> _GOAL OF THE EXERCISE_
Write down, unchanged, the entries from the first line through the line holding "using euler_finite[OF z(1)]". Include no other line.

> _THE INPUT_
****************

lemma successor_integrals_finite:
  assumes z: "z \<in> states N M" "z' \<in> states N M" and p: "Ptrans Pb Pt z z' > 0"
  shows "(\<integral>\<^sup>+e. ennreal (\<beta> z z' e) * ennreal (R z z' e) * epow (Y z z' e) (-\<gamma> (fst z')) \<partial>\<pi>) < \<infinity>"
    and "(\<integral>\<^sup>+e. ennreal (\<beta> z z' e) * ennreal (R z z' e) \<partial>\<pi>) < \<infinity>"
proof -
  have "ennreal (Ptrans Pb Pt z z') *
      (\<integral>\<^sup>+e. ennreal (\<beta> z z' e) * ennreal (R z z' e) * epow (Y z z' e) (-\<gamma> (fst z')) \<partial>\<pi>) < \<infinity>"
    using euler_finite[OF z(1)] z(2) by (cases z') (simp add: Ez_def uprime_def states_def)
  then show "(\<integral>\<^sup>+e. ennreal (\<beta> z z' e) * ennreal (R z z' e) * epow (Y z z' e) (-\<gamma> (fst z')) \<partial>\<pi>) < \<infinity>"
    using p by (auto simp: ennreal_mult_less_top)
  have "epow (R z z' e) 1 = ennreal (R z z' e)" for e
    using nonneg(2)[of z z' e] by (auto simp: epow_def)
  then show "(\<integral>\<^sup>+e. ennreal (\<beta> z z' e) * ennreal (R z z' e) \<partial>\<pi>) < \<infinity>"
    using K1_finite[OF z] p by (auto simp: Kmat_def ennreal_mult_less_top)
qed

lemma policy_bound:
  obtains B where "B \<ge> 0"
    "\<And>z t. z \<in> states N M \<Longrightarrow> t > 0 \<Longrightarrow> c t z powr -\<gamma> (fst z) \<le> t powr -\<gamma> (fst z) + B"
proof -
  obtain B where B: "\<And>z t. z \<in> states N M \<Longrightarrow> t > 0 \<Longrightarrow>
      \<bar>c t z powr -\<gamma> (fst z) - t powr -\<gamma> (fst z)\<bar> \<le> B"
    using policy unfolding policy_class_def by blast
  show ?thesis
  proof (rule that[of "max B 0"])
    fix z and t :: real assume "z \<in> states N M" "t > 0"
    then have "c t z powr -\<gamma> (fst z) - t powr -\<gamma> (fst z) \<le> B"
      using B by (simp add: abs_le_iff)
    then show "c t z powr -\<gamma> (fst z) \<le> t powr -\<gamma> (fst z) + max B 0" by linarith
  qed simp
qed

lemma euler_summand_regular:
  assumes z: "z \<in> states N M" "z' \<in> states N M" and p: "Ptrans Pb Pt z z' > 0"
  shows "\<And>s1 s2. 0 \<le> s1 \<Longrightarrow> s1 \<le> s2 \<Longrightarrow> euler_summand z z' s2 \<le> euler_summand z z' s1"
    and "continuous_on {0..} (euler_summand z z')"
    and "\<And>s. 0 \<le> s \<Longrightarrow> euler_summand z z' s < \<infinity>"
proof -
  obtain B where B: "B \<ge> 0"
    and bnd: "\<And>t. t > 0 \<Longrightarrow> c t z' powr -\<gamma> (fst z') \<le> t powr -\<gamma> (fst z') + B"
    using policy_bound z(2) by metis
  have g: "\<gamma> (fst z') > 0" using z(2) \<gamma>_pos by (auto simp: states_def)
  have cont: "continuous_on {0<..} (\<lambda>t. c t z')" and mono: "mono_on {0<..} (\<lambda>t. c t z')"
    and pos: "\<And>t. t > 0 \<Longrightarrow> c t z' > 0"
    using policy z(2) by (auto simp: policy_class_def)
  note fin = successor_integrals_finite[OF z p]
  show "euler_summand z z' s2 \<le> euler_summand z z' s1" if "0 \<le> s1" "s1 \<le> s2" for s1 s2
    by (rule euler_term_antimono[OF meas nonneg g fin(1) mono pos that])
  show "continuous_on {0..} (euler_summand z z')"
    by (rule continuous_on_euler_term[OF meas nonneg g fin B cont pos bnd])
  show "euler_summand z z' s < \<infinity>" if "0 \<le> s" for s
    by (rule euler_term_finite[OF meas nonneg g fin B pos bnd that])
qed

lemma euler_rhs_regular:
  assumes z: "z \<in> states N M"
  shows "mono_on {0<..w} (euler_rhs z w)" and "continuous_on {0<..w} (euler_rhs z w)"
    and "euler_rhs z w w < \<infinity>"
proof -
  have p_cases: "Ptrans Pb Pt z z' = 0 \<or> Ptrans Pb Pt z z' > 0" if "z' \<in> states N M" for z'
    using Ptrans_nonneg[OF z that] by auto
  show "mono_on {0<..w} (euler_rhs z w)"
  proof (rule mono_onI)
    fix \<xi>1 \<xi>2 assume \<xi>: "\<xi>1 \<in> {0<..w}" "\<xi>2 \<in> {0<..w}" "\<xi>1 \<le> \<xi>2"
    have "ennreal (Ptrans Pb Pt z z') * euler_summand z z' (w - \<xi>1)
        \<le> ennreal (Ptrans Pb Pt z z') * euler_summand z z' (w - \<xi>2)" if z': "z' \<in> states N M" for z'
      using p_cases[OF z'] euler_summand_regular(1)[OF z z', of "w - \<xi>2" "w - \<xi>1"] \<xi>
      by (auto intro: mult_left_mono)
    then show "euler_rhs z w \<xi>1 \<le> euler_rhs z w \<xi>2"
      unfolding euler_rhs_eq_sum by (rule sum_mono)
  qed
  have "continuous_on {0<..w} (\<lambda>\<xi>. ennreal (Ptrans Pb Pt z z') * euler_summand z z' (w - \<xi>))"
    if z': "z' \<in> states N M" for z'
  proof (cases "Ptrans Pb Pt z z' = 0")
    case False
    with p_cases[OF z'] have p: "Ptrans Pb Pt z z' > 0" by simp
    show ?thesis
      by (intro ennreal_continuous_on_cmult continuous_on_compose2[OF euler_summand_regular(2)[OF z z' p]])
         (auto intro!: continuous_intros)
  qed simp
  then show "continuous_on {0<..w} (euler_rhs z w)"
    unfolding euler_rhs_eq_sum by (intro continuous_on_sum) auto
  have "ennreal (Ptrans Pb Pt z z') * euler_summand z z' 0 < \<infinity>" if z': "z' \<in> states N M" for z'
    using p_cases[OF z'] euler_summand_regular(3)[OF z z', of 0] by (auto simp: ennreal_mult_less_top)
  then show "euler_rhs z w w < \<infinity>"
    unfolding euler_rhs_eq_sum by (simp add: states_eq_Times)
qed

lemma Top_is_euler_root:
  assumes z: "z \<in> states N M" and w: "w > 0"
  shows "is_euler_root (\<gamma> (fst z)) (euler_rhs z w) w (Top N M \<gamma> Pb Pt \<pi> \<beta> R Y c w z)"
proof -
  have g: "\<gamma> (fst z) > 0" using z \<gamma>_pos by (auto simp: states_def)
  have "Top N M \<gamma> Pb Pt \<pi> \<beta> R Y c w z = (THE \<xi>. is_euler_root (\<gamma> (fst z)) (euler_rhs z w) w \<xi>)"
    unfolding Top_def is_euler_root_def
    by (intro arg_cong[where f = The] ext) (use w in \<open>auto simp: epow_pos euler_rhs_def uprime_def\<close>)
  moreover have "\<exists>!\<xi>. is_euler_root (\<gamma> (fst z)) (euler_rhs z w) w \<xi>"
    using euler_root_exists[OF g w euler_rhs_regular[OF z]]
      euler_root_unique[OF g euler_rhs_regular(1)[OF z]] by blast
  ultimately show ?thesis by (simp add: theI')
qed

lemma euler_rhs_row_le:
  assumes i: "i < N" "Pb i i = 1" and j: "j < M"
    and x: "\<And>k. k < M \<Longrightarrow> x k > 0"
    and cb: "\<And>k t. k < M \<Longrightarrow> t > 0 \<Longrightarrow> t * x k powr (-1 / \<gamma> i) \<le> c t (i, k)"
    and G_finite: "\<And>k. k < M \<Longrightarrow> Gmat \<gamma> Pb Pt \<pi> \<beta> R i j k < \<infinity>"
    and \<xi>: "\<xi> < w"
  shows "euler_rhs (i, j) w \<xi>
      \<le> ennreal ((w - \<xi>) powr -\<gamma> i * (\<Sum>k<M. enn2real (Gmat \<gamma> Pb Pt \<pi> \<beta> R i j k) * x k))"
proof -
  let ?G = "Gmat \<gamma> Pb Pt \<pi> \<beta> R i j"
  let ?Q = "\<lambda>k. \<integral>\<^sup>+e. ennreal (\<beta> (i, j) (i, k) e) * epow (R (i, j) (i, k) e) (1 - \<gamma> i) \<partial>\<pi>"
  have g: "\<gamma> i > 0" using \<gamma>_pos i by simp
  have "euler_rhs (i, j) w \<xi> = (\<Sum>k<M. ennreal (Pt j k) * euler_summand (i, j) (i, k) (w - \<xi>))"
    unfolding euler_rhs_def Ez_absorbing_row[OF Pb i] by (simp add: euler_term_def uprime_def)
  also have "\<dots> \<le> (\<Sum>k<M. ennreal (Pt j k) * (ennreal (x k * (w - \<xi>) powr -\<gamma> i) * ?Q k))"
  proof (intro sum_mono mult_left_mono)
    fix k assume "k \<in> {..<M}"
    then show "euler_summand (i, j) (i, k) (w - \<xi>) \<le> ennreal (x k * (w - \<xi>) powr -\<gamma> i) * ?Q k"
      using euler_term_le_powr[OF meas nonneg g x, of k "\<lambda>t. c t (i, k)" "w - \<xi>"] cb \<xi> by simp
  qed simp
  also have "\<dots> = (\<Sum>k<M. ennreal ((w - \<xi>) powr -\<gamma> i * (enn2real (?G k) * x k)))"
  proof (rule sum.cong[OF refl])
    fix k assume k: "k \<in> {..<M}"
    have "ennreal (enn2real (?G k)) = ?G k" using G_finite k by (simp add: less_top)
    also have "\<dots> = ennreal (Pt j k) * ?Q k" using i by (simp add: Gmat_def Qmat_def)
    finally have "ennreal (Pt j k) * (ennreal (x k * (w - \<xi>) powr -\<gamma> i) * ?Q k)
        = ennreal (x k * (w - \<xi>) powr -\<gamma> i) * ennreal (enn2real (?G k))"
      by (simp add: ac_simps)
    also have "\<dots> = ennreal (x k * (w - \<xi>) powr -\<gamma> i * enn2real (?G k))"
      using x k by (intro ennreal_mult'[symmetric]) (simp add: less_imp_le)
    also have "\<dots> = ennreal ((w - \<xi>) powr -\<gamma> i * (enn2real (?G k) * x k))"
      by (simp add: ac_simps)
    finally show "ennreal (Pt j k) * (ennreal (x k * (w - \<xi>) powr -\<gamma> i) * ?Q k)
        = ennreal ((w - \<xi>) powr -\<gamma> i * (enn2real (?G k) * x k))" .
  qed
  also have "\<dots> = ennreal ((w - \<xi>) powr -\<gamma> i * (\<Sum>k<M. enn2real (?G k) * x k))"
  proof -
    have "0 \<le> x k" if "k < M" for k using x[OF that] by simp
    then show ?thesis by (subst sum_ennreal) (auto simp: sum_distrib_left)
  qed
  finally show ?thesis .
qed

end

****************

> _SOLUTION BELOW_
lemma successor_integrals_finite:
  assumes z: "z \<in> states N M" "z' \<in> states N M" and p: "Ptrans Pb Pt z z' > 0"
  shows "(\<integral>\<^sup>+e. ennreal (\<beta> z z' e) * ennreal (R z z' e) * epow (Y z z' e) (-\<gamma> (fst z')) \<partial>\<pi>) < \<infinity>"
    and "(\<integral>\<^sup>+e. ennreal (\<beta> z z' e) * ennreal (R z z' e) \<partial>\<pi>) < \<infinity>"
proof -
  have "ennreal (Ptrans Pb Pt z z') *
      (\<integral>\<^sup>+e. ennreal (\<beta> z z' e) * ennreal (R z z' e) * epow (Y z z' e) (-\<gamma> (fst z')) \<partial>\<pi>) < \<infinity>"
    using euler_finite[OF z(1)] z(2) by (cases z') (simp add: Ez_def uprime_def states_def)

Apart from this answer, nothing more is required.